Wilson-Poe et al. [106], through qualitative interviews with 36 experienced psilocybin facilitators (mean 15 years’ experience), highlighted that personal psychedelic use was widely seen as a key qualification for providing safe and effective care, though not unanimously endorsed. Such first-hand experience was viewed as enhancing facilitators’ well-being, empathy, and ability to contextualize clients’ experiences. These qualitative findings provide a valuable perspective from practitioners working directly with psilocybin users, often in non-clinical contexts. Their insights highlight the nuanced psychosocial dimensions of safety, the role of lived experience in facilitation, and the need for careful, trauma-informed practice. This study underscores the potential value of experiential knowledge in informing clinical models of psychedelic care.

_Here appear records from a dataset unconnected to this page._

(* Let $U\colon[0,1]^2\to[0,1]$ be a uninorm with neutral element $e\in(0,1)$. Define $U^*,U_*\colon[0,1]^2\to[0,1]$ by $U^*(x,y)=1$ if $\max(x,y)=1$, $U^*(x,y)=0$ if $\min(x,y)=0$ and $\max(x,y)<1$, and $U^*(x,y)=U(x,y)$ otherwise; and $U_*(x,y)=0$ if $\min(x,y)=0$, $U_*(x,y)=1$ if $\min(x,y)>0$ and $\max(x,y)=1$, and $U_*(x,y)=U(x,y)$ otherwise. Then $U^*$ and $U_*$ are both uninorms if and only if there are no $x_1,x_2\in(0,1)$ with $U(x_1,x_2)\in\{0,1\}$.
   Context: A uninorm is a binary operation on $[0,1]$ that is commutative, associative, non-decreasing in each variable and has a neutral element $e$. *)

theory Defs
  imports Main "HOL.Real"
begin

definition uninorm :: "(real \<Rightarrow> real \<Rightarrow> real) \<Rightarrow> real \<Rightarrow> bool" where
  "uninorm U e \<longleftrightarrow>
     e \<in> {0..1} \<and>
     (\<forall>x\<in>{0..1}. \<forall>y\<in>{0..1}. U x y \<in> {0..1}) \<and>
     (\<forall>x\<in>{0..1}. \<forall>y\<in>{0..1}. U x y = U y x) \<and>
     (\<forall>x\<in>{0..1}. \<forall>y\<in>{0..1}. \<forall>z\<in>{0..1}. U (U x y) z = U x (U y z)) \<and>
     (\<forall>x\<in>{0..1}. \<forall>y\<in>{0..1}. \<forall>z\<in>{0..1}. x \<le> y \<longrightarrow> U x z \<le> U y z \<and> U z x \<le> U z y) \<and>
     (\<forall>x\<in>{0..1}. U e x = x \<and> U x e = x)"

definition upper_mod :: "(real \<Rightarrow> real \<Rightarrow> real) \<Rightarrow> real \<Rightarrow> real \<Rightarrow> real" where
  "upper_mod U x y =
     (if max x y = 1 then 1
      else if min x y = 0 \<and> max x y < 1 then 0
      else U x y)"

definition lower_mod :: "(real \<Rightarrow> real \<Rightarrow> real) \<Rightarrow> real \<Rightarrow> real \<Rightarrow> real" where
  "lower_mod U x y =
     (if min x y = 0 then 0
      else if min x y > 0 \<and> max x y = 1 then 1
      else U x y)"

end

theory Submission
  imports Defs
begin

text \<open>
  If \<open>U\<close> maps the open square into \<open>(0, 1)\<close>, then \<open>U\<^sup>*\<close> is \<open>U\<close> on the interior,
  with \<open>1\<close> absorbing everywhere and \<open>0\<close> absorbing below \<open>1\<close>; each of these pieces is closed
  under the operation, so the uninorm axioms are checked piece by piece. Conversely, if
  \<open>U x y = 1\<close> for interior \<open>x, y\<close>, associativity of \<open>U\<^sup>*\<close> on \<open>(x, y, 0)\<close> fails.
  The lower modification is the image of the upper one under the duality
  \<open>U \<mapsto> (\<lambda>x y. 1 - U (1 - x) (1 - y))\<close>, which preserves uninorms and swaps the
  roles of \<open>0\<close> and \<open>1\<close>; both directions for \<open>U\<^sub>*\<close> follow from those for \<open>U\<^sup>*\<close>.
\<close>

lemma uninormI:
  assumes "e \<in> {0..1}"
    and "\<And>x y. x \<in> {0..1} \<Longrightarrow> y \<in> {0..1} \<Longrightarrow> U x y \<in> {0..1}"
    and comm: "\<And>x y. x \<in> {0..1} \<Longrightarrow> y \<in> {0..1} \<Longrightarrow> U x y = U y x"
    and "\<And>x y z. x \<in> {0..1} \<Longrightarrow> y \<in> {0..1} \<Longrightarrow> z \<in> {0..1} \<Longrightarrow>
           U (U x y) z = U x (U y z)"
    and mono: "\<And>x y z. x \<in> {0..1} \<Longrightarrow> y \<in> {0..1} \<Longrightarrow> z \<in> {0..1} \<Longrightarrow> x \<le> y \<Longrightarrow>
           U x z \<le> U y z"
    and "\<And>x. x \<in> {0..1} \<Longrightarrow> U e x = x"
  shows "uninorm U e"
proof -
  have "U z x \<le> U z y" if "x \<in> {0..1}" "y \<in> {0..1}" "z \<in> {0..1}" "x \<le> y" for x y z
    using mono[OF that] comm that by simp
  then show ?thesis
    unfolding uninorm_def using assms by simp
qed

context
  fixes U :: "real \<Rightarrow> real \<Rightarrow> real" and e :: real
  assumes uninorm: "uninorm U e"
begin

lemma uninorm_neutral_mem: "e \<in> {0..1}"
  and uninorm_mem: "x \<in> {0..1} \<Longrightarrow> y \<in> {0..1} \<Longrightarrow> U x y \<in> {0..1}"
  and uninorm_commute: "x \<in> {0..1} \<Longrightarrow> y \<in> {0..1} \<Longrightarrow> U x y = U y x"
  and uninorm_assoc: "x \<in> {0..1} \<Longrightarrow> y \<in> {0..1} \<Longrightarrow> z \<in> {0..1} \<Longrightarrow>
         U (U x y) z = U x (U y z)"
  and uninorm_mono: "x \<in> {0..1} \<Longrightarrow> y \<in> {0..1} \<Longrightarrow> z \<in> {0..1} \<Longrightarrow> x \<le> y \<Longrightarrow>
         U x z \<le> U y z"
  and uninorm_neutral: "x \<in> {0..1} \<Longrightarrow> U e x = x"
  using uninorm unfolding uninorm_def by blast+

end

definition dual_op :: "(real \<Rightarrow> real \<Rightarrow> real) \<Rightarrow> real \<Rightarrow> real \<Rightarrow> real" where
  "dual_op U x y = 1 - U (1 - x) (1 - y)"

definition interior_closed :: "(real \<Rightarrow> real \<Rightarrow> real) \<Rightarrow> bool" where
  "interior_closed U \<longleftrightarrow> (\<forall>x\<in>{0<..<1}. \<forall>y\<in>{0<..<1}. U x y \<in> {0<..<1})"

lemma dual_op_dual_op [simp]: "dual_op (dual_op U) = U"
  unfolding dual_op_def by (intro ext) simp

lemma lower_mod_eq_dual_op: "lower_mod U = dual_op (upper_mod (dual_op U))"
  by (intro ext) (auto simp: lower_mod_def upper_mod_def dual_op_def max_def min_def)

lemma interior_closedD:
  "interior_closed U \<Longrightarrow> x \<in> {0<..<1} \<Longrightarrow> y \<in> {0<..<1} \<Longrightarrow> U x y \<in> {0<..<1}"
  by (simp add: interior_closed_def)

lemma interior_closed_dual_op:
  assumes "interior_closed U"
  shows "interior_closed (dual_op U)"
  unfolding interior_closed_def
proof (intro ballI)
  fix x y :: real
  assume "x \<in> {0<..<1}" "y \<in> {0<..<1}"
  then have "U (1 - x) (1 - y) \<in> {0<..<1}"
    using interior_closedD[OF assms, of "1 - x" "1 - y"] by simp
  then show "dual_op U x y \<in> {0<..<1}"
    by (simp add: dual_op_def)
qed

lemma uninorm_dual_op:
  assumes U: "uninorm U e"
  shows "uninorm (dual_op U) (1 - e)"
proof (rule uninormI)
  have reflect: "1 - x \<in> {0..1}" if "x \<in> {0..1}" for x :: real
    using that by simp
  show "1 - e \<in> {0..1}"
    using uninorm_neutral_mem[OF U] by simp
  fix x y z :: real
  assume x: "x \<in> {0..1}" and y: "y \<in> {0..1}"
  show "dual_op U x y \<in> {0..1}"
    using uninorm_mem[OF U reflect[OF x] reflect[OF y]] by (simp add: dual_op_def)
  show "dual_op U x y = dual_op U y x"
    using uninorm_commute[OF U reflect[OF x] reflect[OF y]] by (simp add: dual_op_def)
  show "dual_op U (1 - e) x = x"
    using uninorm_neutral[OF U reflect[OF x]] by (simp add: dual_op_def)
  assume z: "z \<in> {0..1}"
  show "dual_op U (dual_op U x y) z = dual_op U x (dual_op U y z)"
    using uninorm_assoc[OF U reflect[OF x] reflect[OF y] reflect[OF z]] by (simp add: dual_op_def)
  show "dual_op U x z \<le> dual_op U y z" if "x \<le> y"
    using uninorm_mono[OF U reflect[OF y] reflect[OF x] reflect[OF z]] that
    by (simp add: dual_op_def)
qed

lemma upper_mod_one_left: "y \<le> 1 \<Longrightarrow> upper_mod U 1 y = 1"
  and upper_mod_one_right: "x \<le> 1 \<Longrightarrow> upper_mod U x 1 = 1"
  by (simp_all add: upper_mod_def max_def)

lemma upper_mod_zero_left: "0 \<le> y \<Longrightarrow> y < 1 \<Longrightarrow> upper_mod U 0 y = 0"
  and upper_mod_zero_right: "0 \<le> x \<Longrightarrow> x < 1 \<Longrightarrow> upper_mod U x 0 = 0"
  by (simp_all add: upper_mod_def max_def min_def)

lemma upper_mod_interior:
  "x \<in> {0<..<1} \<Longrightarrow> y \<in> {0<..<1} \<Longrightarrow> upper_mod U x y = U x y"
  by (simp add: upper_mod_def max_def min_def)

lemmas upper_mod_simps =
  upper_mod_one_left upper_mod_one_right upper_mod_zero_left upper_mod_zero_right upper_mod_interior

lemma upper_mod_less_one:
  assumes "interior_closed U" "x \<in> {0..<1}" "y \<in> {0..<1}"
  shows "upper_mod U x y \<in> {0..<1}"
proof (cases "x = 0 \<or> y = 0")
  case True
  then show ?thesis using assms by (auto simp: upper_mod_simps)
next
  case False
  then show ?thesis
    using assms interior_closedD[OF assms(1), of x y] by (auto simp: upper_mod_interior)
qed

lemma upper_mod_mem_unit:
  assumes "interior_closed U" "x \<in> {0..1}" "y \<in> {0..1}"
  shows "upper_mod U x y \<in> {0..1}"
proof (cases "x = 1 \<or> y = 1")
  case True
  then show ?thesis using assms by (auto simp: upper_mod_simps)
next
  case False
  then show ?thesis using assms upper_mod_less_one[OF assms(1), of x y] by auto
qed

lemma uninorm_upper_mod:
  assumes U: "uninorm U e" and e: "0 < e" "e < 1" and closed: "interior_closed U"
  shows "uninorm (upper_mod U) e"
proof (rule uninormI)
  show "e \<in> {0..1}" using e by simp
  fix x y z :: real
  assume x: "x \<in> {0..1}" and y: "y \<in> {0..1}"
  show "upper_mod U x y \<in> {0..1}"
    using closed x y by (rule upper_mod_mem_unit)
  show "upper_mod U x y = upper_mod U y x"
    using uninorm_commute[OF U x y] by (simp add: upper_mod_def max.commute min.commute)
  show "upper_mod U e x = x"
    using x e uninorm_neutral[OF U x] by (auto simp: upper_mod_def max_def min_def)
  assume z: "z \<in> {0..1}"
  show "upper_mod U (upper_mod U x y) z = upper_mod U x (upper_mod U y z)"
  proof -
    have xy: "upper_mod U x y \<in> {0..1}" and yz: "upper_mod U y z \<in> {0..1}"
      using upper_mod_mem_unit[OF closed] x y z by auto
    consider "x = 1 \<or> y = 1 \<or> z = 1" | "x < 1" "y < 1" "z < 1" "x = 0 \<or> y = 0 \<or> z = 0"
      | "x \<in> {0<..<1}" "y \<in> {0<..<1}" "z \<in> {0<..<1}"
      using x y z by fastforce
    then show ?thesis
    proof cases
      case 1
      then show ?thesis using x y z xy yz by (auto simp: upper_mod_simps)
    next
      case 2
      then have "upper_mod U x y < 1" "upper_mod U y z < 1"
        using upper_mod_less_one[OF closed] x y z by auto
      with 2 show ?thesis using x y z xy yz by (auto simp: upper_mod_simps)
    next
      case 3
      then have "U x y \<in> {0<..<1}" "U y z \<in> {0<..<1}"
        using interior_closedD[OF closed] by auto
      with 3 show ?thesis
        using uninorm_assoc[OF U x y z] by (simp only: upper_mod_interior)
    qed
  qed
  show "upper_mod U x z \<le> upper_mod U y z" if "x \<le> y"
  proof -
    consider "y = 1 \<or> z = 1" | "y < 1" "z < 1" "x = 0 \<or> z = 0"
      | "x \<in> {0<..<1}" "y \<in> {0<..<1}" "z \<in> {0<..<1}"
      using x y z \<open>x \<le> y\<close> by fastforce
    then show ?thesis
    proof cases
      case 1
      then show ?thesis
        using x y z upper_mod_mem_unit[OF closed x z] by (auto simp: upper_mod_simps)
    next
      case 2
      then show ?thesis
        using x y z \<open>x \<le> y\<close> upper_mod_mem_unit[OF closed y z] by (auto simp: upper_mod_simps)
    next
      case 3
      then show ?thesis
        using uninorm_mono[OF U x y z \<open>x \<le> y\<close>] by (simp only: upper_mod_interior)
    qed
  qed
qed

lemma uninorm_lower_mod:
  assumes "uninorm U e" "0 < e" "e < 1" "interior_closed U"
  shows "uninorm (lower_mod U) e"
proof -
  have "uninorm (upper_mod (dual_op U)) (1 - e)"
    using assms by (simp add: uninorm_upper_mod uninorm_dual_op interior_closed_dual_op)
  then show ?thesis
    unfolding lower_mod_eq_dual_op using uninorm_dual_op by fastforce
qed

lemma uninorm_upper_mod_imp_neq_one:
  assumes "uninorm (upper_mod U) e" "x \<in> {0<..<1}" "y \<in> {0<..<1}"
  shows "U x y \<noteq> 1"
proof
  assume "U x y = 1"
  moreover have "upper_mod U (upper_mod U x y) 0 = upper_mod U x (upper_mod U y 0)"
    using uninorm_assoc[OF assms(1), of x y 0] assms(2,3) by simp
  ultimately show False
    using assms(2,3) by (simp add: upper_mod_simps)
qed

lemma uninorm_lower_mod_imp_neq_zero:
  assumes "uninorm (lower_mod U) e" "x \<in> {0<..<1}" "y \<in> {0<..<1}"
  shows "U x y \<noteq> 0"
proof -
  have "uninorm (upper_mod (dual_op U)) (1 - e)"
    using uninorm_dual_op[OF assms(1)] by (simp add: lower_mod_eq_dual_op)
  then have "dual_op U (1 - x) (1 - y) \<noteq> 1"
    using assms(2,3) by (simp add: uninorm_upper_mod_imp_neq_one)
  then show ?thesis by (simp add: dual_op_def)
qed

theorem lemma2:
  fixes U :: "real \<Rightarrow> real \<Rightarrow> real" and e :: real
  assumes "uninorm U e" and "0 < e" and "e < 1"
  shows "((\<exists>e'. uninorm (upper_mod U) e') \<and> (\<exists>e'. uninorm (lower_mod U) e')) \<longleftrightarrow>
         \<not> (\<exists>x1\<in>{0<..<1}. \<exists>x2\<in>{0<..<1}. U x1 x2 \<in> {0, 1})"
proof
  assume "(\<exists>e'. uninorm (upper_mod U) e') \<and> (\<exists>e'. uninorm (lower_mod U) e')"
  then show "\<not> (\<exists>x1\<in>{0<..<1}. \<exists>x2\<in>{0<..<1}. U x1 x2 \<in> {0, 1})"
    using uninorm_upper_mod_imp_neq_one uninorm_lower_mod_imp_neq_zero by blast
next
  assume "\<not> (\<exists>x1\<in>{0<..<1}. \<exists>x2\<in>{0<..<1}. U x1 x2 \<in> {0, 1})"
  moreover have "U x y \<in> {0..1}" if "x \<in> {0<..<1}" "y \<in> {0<..<1}" for x y
    using uninorm_mem[OF assms(1), of x y] that by simp
  ultimately have "interior_closed U"
    unfolding interior_closed_def by fastforce
  then show "(\<exists>e'. uninorm (upper_mod U) e') \<and> (\<exists>e'. uninorm (lower_mod U) e')"
    using assms uninorm_upper_mod uninorm_lower_mod by blast
qed

end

3.3.6. Single Case Studies Reporting Adverse Events

Case reports illustrate severe adverse outcomes associated with psilocybin use: Kim et al. [107] described three cases of acute psychosis (prolonged symptoms in bipolar disorder, severe suicidality, and aggression) with variable treatment responses; Morris [108] documented psilocybin-induced psychosis with catatonia and suicidality in a vulnerable patient (depression, personality traits, cannabis use) after heavy use, reinforcing that adverse reactions predominantly occur in high-risk individuals using excessive doses. Perna et al. [109] reported prolonged adverse effects (anhedonia, sleep impairment, and suicidal ideation) in a psychologist after repeated high-dose psilocybin in an unregulated training program, requiring ECT for resolution. Finally, a fatal case of self-inflicted trans-orbital trauma (penetrating brainstem injury) following psilocybin ingestion [110] highlights extreme risks of acute behavioral dysregulation. While these individual reports suggest potential dangers, particularly in vulnerable populations or unsupervised settings, they do not establish causality or prevalence, emphasizing the urgent need for systematic studies to clarify risks, safety protocols, and contraindications in both recreational and therapeutic contexts.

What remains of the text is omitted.